Староверец Влас шепотил молитвы. Внимательно слушал их святой Георгий Победоносец. Счетовод Покровский продолжал дотошно искать запутанные ходы в годовом отчете. О своей правоте знал всё. О гнусном подлоге могла внести ясность кипа бухгалтерских бумаг. Они заперты в несгораемом сейфе. Бумаги сгораемы. Возможно, важные улики давно уничтожены, разлетелись пеплом по двору бревенчатой конторы. „Дали бы пять лет поражения в правах — тогда можно перебедовать… Будет время выиграть победу после поражения… Всех выведу на чистую водичку…“

О сыне, о Праске все думы Тимура. Взор простреливает сквозь барачные стены, долетает до захудалой деревеньки…

Вот крошка Никодимка грудь сосит… Вот матушка гремит сепараторными дисками — готовится молоко в сливки перегонять… Не отобрали бы корову, кузницу… Подлец Фесько — холопских кровей… барские иметь не будет… Родича Ганьку — пьяницу и недавнего зэка — в надзиратели пристроил… По всем статьям выходит — батя в гражданскую за власть лживую воевал. Кривда верх взяла, зубы скалит…».

4

Заподозрил Натан: Горбонос знает о посещении избы кузнеца. Молчит дьявол, но по глазам чирьястого чикиста можно прочесть осуждение: «Распочтарился… записочки да посылочки носишь».

«Прекращу посещения… до греха докачусь… Но как не бегать в недальнюю деревеньку. Праска тянет. Чувства кипят. После родов краше стала. Глазёнки остяцкие расширились, сияют, магнитят… Груди сарафанишко теснят…».

В последнее посещение перед Натаном большой связкой собольих шкурок трясла.

— Освободишь мужиков — все твои.

— Не такой у меня, Прасковьюшка, чин, чтобы запросто вызволять осужденных. Имей я власть — без соболей освободил бы.

— Не темни, комендатурец! Все вы там прелой дратвой шиты. Для безвинных легко ворота распахнуть.

В зыбке покачивался Никодимчик. Натан перегонял ревнивый взгляд со спящего младенца на Праску — видел слитость её черт, Тимура. Природа умело и бережно перемешала на личике отцовское и материнское. Никто не скажет — суразёнка в подоле принесла.

На молодой матери просторный ситцевый халат: по полям ткани разбежались крупные ромашки.

Соломонида справляла хозяйство в хлеву, гремела вёдрами.

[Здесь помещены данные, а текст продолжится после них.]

(* Let $\tilde L$ be a minimum-size counterexample. Then there are no elements $m,j\in\tilde L$ with $m$ meet-irreducible, $j$ join-irreducible, and $m<j$.
   Context: For a poset $P$, $x$ upper covers $y$ (and $y$ lower covers $x$) if $y<x$ with nothing strictly between. Join-irreducible: upper covers exactly one element; meet-irreducible: lower covers exactly one element. For $x\in P$, ${\uparrow}x=\{y: x\le y\}$. A counterexample is a finite lattice $L$ with $|L|>1$ in which every join-irreducible $j$ satisfies $|{\uparrow}j|>|L|/2$; a minimum-size counterexample is a counterexample $\tilde L$ such that no counterexample has fewer elements. *)

theory Defs
  imports "HOL-Algebra.Lattice"
begin

text \<open>Finite lattices are represented by HOL-Algebra's locale lattice on a record
  L of type 'a gorder (carrier, equality, order); the locale forces eq L = (=).\<close>

definition lt_in :: "'a gorder \<Rightarrow> 'a \<Rightarrow> 'a \<Rightarrow> bool" where
  "lt_in L x y \<longleftrightarrow> le L x y \<and> x \<noteq> y"

definition upper_covers :: "'a gorder \<Rightarrow> 'a \<Rightarrow> 'a \<Rightarrow> bool" where
  "upper_covers L x y \<longleftrightarrow> x \<in> carrier L \<and> y \<in> carrier L \<and> lt_in L y x \<and>
     \<not> (\<exists>z\<in>carrier L. lt_in L y z \<and> lt_in L z x)"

Внезапно ромашковый луг раздвоился, смятые половинки распахнутого халата повисли в дрожащих руках Праски. Околдованный гость раскрыл от дива рот… отмахнулся как от наваждения… отшатнулся от обнаженной бесстыдницы… глаза полностью не зажмурил. В просвет щелочки любовался притягивающей красотой живота, ног, чернеющего холмика…

— Растерялся, соперничек?!. Ослепила тебя… Ради Тимура на всё пойду… Пожертвую честью… собственной соболюшкой. — Праска бесстыдно взъерошила кудрявые волосёнки, магическим пасом прикрыла мех. — Хочешь ведь, хочешь соболька?..

Сглатывая обильную слюну, ошарашенный ухажёр спешно покинул избу.

Не ожидал такого крутого поворота событий. Большая связка серебристых соболей… кудрявое пятно в матовой излучине ног… Видение сливалось во что-то необычно туманное, бесстыдное, ослепляющее.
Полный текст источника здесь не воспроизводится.